Good point. She shoundt have flashed her boobies, but at the same time shouldn't have been bullied to suicide. It just shows you how cruel people can be. Thankfully, the police found the person who bullied her and he was arrested, but that isn't going to bring her back to life ;-;


----------



## Tao (Feb 21, 2015)

Yea, I remember this story from a few years back. I had to read the article to remind myself of the details properly but it's an awful story to read through.


It essentially just shows how awful people on the internet can be and just how vile a person can act when they are behind that veil of anonymity the internet provides. 

I mean, why continue to 'stalk' her like he did? Why continue to track her down and ruin her life? It's just disgusting.
The bullying from other people, sadly, is just what people do when they find information such as that and most of the time they don't have the sense to know enough is enough.

She made a few bad decisions. Revealing herself on the internet wasn't a wise choice in the first place but then again I can't begin to imagine why she did that in the first place. If I remember correctly, when she slept with 'that guy' she knew he had a girlfriend and shouldn't have done so but again, after all the bullying I can imagine she didn't rightly care and would have just appreciated the attention. 
There's always two sides in these situations.

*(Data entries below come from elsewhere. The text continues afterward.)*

lemma proj_FIh_comp:
  assumes "f \<in> FIh n m" "g \<in> FIh m l"
  shows "proj (FIh_comp n m l f g) = FI_comp n m l (proj f) (proj g)"
proof -
  obtain s0 t0 where "n \<le> m" "s0 \<in> Shat m" "f = FIh_of n m s0"
    and "m \<le> l" "t0 \<in> Shat l" "g = FIh_of m l t0"
    using assms by (elim FIh_memE)
  then have f: "proj f = FI_of n m (fst s0)" and g: "proj g = FI_of m l (fst t0)"
    and "fst s0 permutes {..<m}"
    using fst_Shat[of m] by (force simp: proj_FIh_of Sym_def)+
  then have comp: "FI_of n l (a \<circ> b) = FI_of n l (fst t0 \<circ> fst s0)"
    if "a \<in> proj g" "b \<in> proj f" for a b
    using that FI_of_comp_cong \<open>n \<le> m\<close> \<open>m \<le> l\<close> by auto
  obtain s t where "s \<in> f" "t \<in> g" "FIh_comp n m l f g = FIh_of n l (shat_mult t s)"
    using assms by (rule FIh_comp_FIh_of)
  moreover from calculation have "fst s \<in> proj f" "fst t \<in> proj g"
    by (auto simp: proj_def)
  ultimately have "proj (FIh_comp n m l f g) = FI_of n l (fst t0 \<circ> fst s0)"
    using comp by (simp add: proj_FIh_of shat_mult_def)
  moreover have "(SOME a. a \<in> proj g) \<in> proj g" "(SOME b. b \<in> proj f) \<in> proj f"
    using \<open>fst s \<in> proj f\<close> \<open>fst t \<in> proj g\<close> by (metis some_in_eq empty_iff)+
  ultimately show ?thesis
    by (simp add: FI_comp_def si1_def comp)
qed

lemma FIh_module_act_in_carrier:
  "FIh_module M act \<Longrightarrow> f \<in> FIh n m \<Longrightarrow> x \<in> carrier (M n) \<Longrightarrow> act n m f x \<in> carrier (M m)"
  unfolding FIh_module_def hom_def by blast

lemma FIh_module_act_comp:
  assumes "FIh_module M act" "f \<in> FIh n m" "g \<in> FIh m l" "x \<in> carrier (M n)"
  shows "act n l (FIh_comp n m l f g) x = act m l g (act n m f x)"
  using assms unfolding FIh_module_def by blast

lemma act_add_two:
  assumes "FIh_module M act" "n \<le> m" "m - n \<le> 1" "2 \<le> m" "(\<sigma>, d) \<in> Shat m"
    and "x \<in> carrier (M n)"
    and e2: "\<forall>y \<in> carrier (M m). act m m (FIh_of m m (e2 m)) y = y"
  shows "act n m {(\<sigma>, d + 2)} x = act n m {(\<sigma>, d)} x"
proof -
  have "FIh_of n m (\<sigma>, d) \<in> FIh n m"
    using assms(2,5) by (simp add: FIh_def)
  then have f: "{(\<sigma>, d)} \<in> FIh n m"
    by (simp add: FIh_of_trivial[OF assms(3)])
  have g: "FIh_of m m (e2 m) \<in> FIh m m"
    by (simp add: FIh_def e2_in_Shat)
  have "FIh_of m m (e2 m) = {(id, 2)}"
    using assms(4) by (simp add: FIh_of_trivial e2_def)
  then have "FIh_comp n m m {(\<sigma>, d)} (FIh_of m m (e2 m)) = {(\<sigma>, d + 2)}"
    by (simp add: FIh_comp_def i1_def FIh_of_trivial[OF assms(3)] shat_mult_def)
  then have "act n m {(\<sigma>, d + 2)} x = act m m (FIh_of m m (e2 m)) (act n m {(\<sigma>, d)} x)"
    using FIh_module_act_comp[OF assms(1) f g assms(6)] by simp
  also have "\<dots> = act n m {(\<sigma>, d)} x"
    using e2 FIh_module_act_in_carrier[OF assms(1) f assms(6)] by blast
  finally show ?thesis .
qed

If anything, it was a VERY infamous event that was known about literally everywhere. This at least sent a wake up call to others that there is some real scum living on this planet and that we should make sure we try to stay safe, especially on the internet.



Or, yano...We could just round up the scumbags and euthanize them. Killing people isn't always a great option but c'mon, with these types of people in the gene pool, we could really do with giving it a good cleaning. 





Nidalee said:


> IF you flash your boobies on the interwebs what do you expect =/ In a sense its her own fault.
> They're people who killthem selves because of other people in this case she did something stupid u.u



Whilst choosing to "flash your boobies" on the internet isn't exactly a wise thing to do, you don't exactly know the circumstances to why she did it either. 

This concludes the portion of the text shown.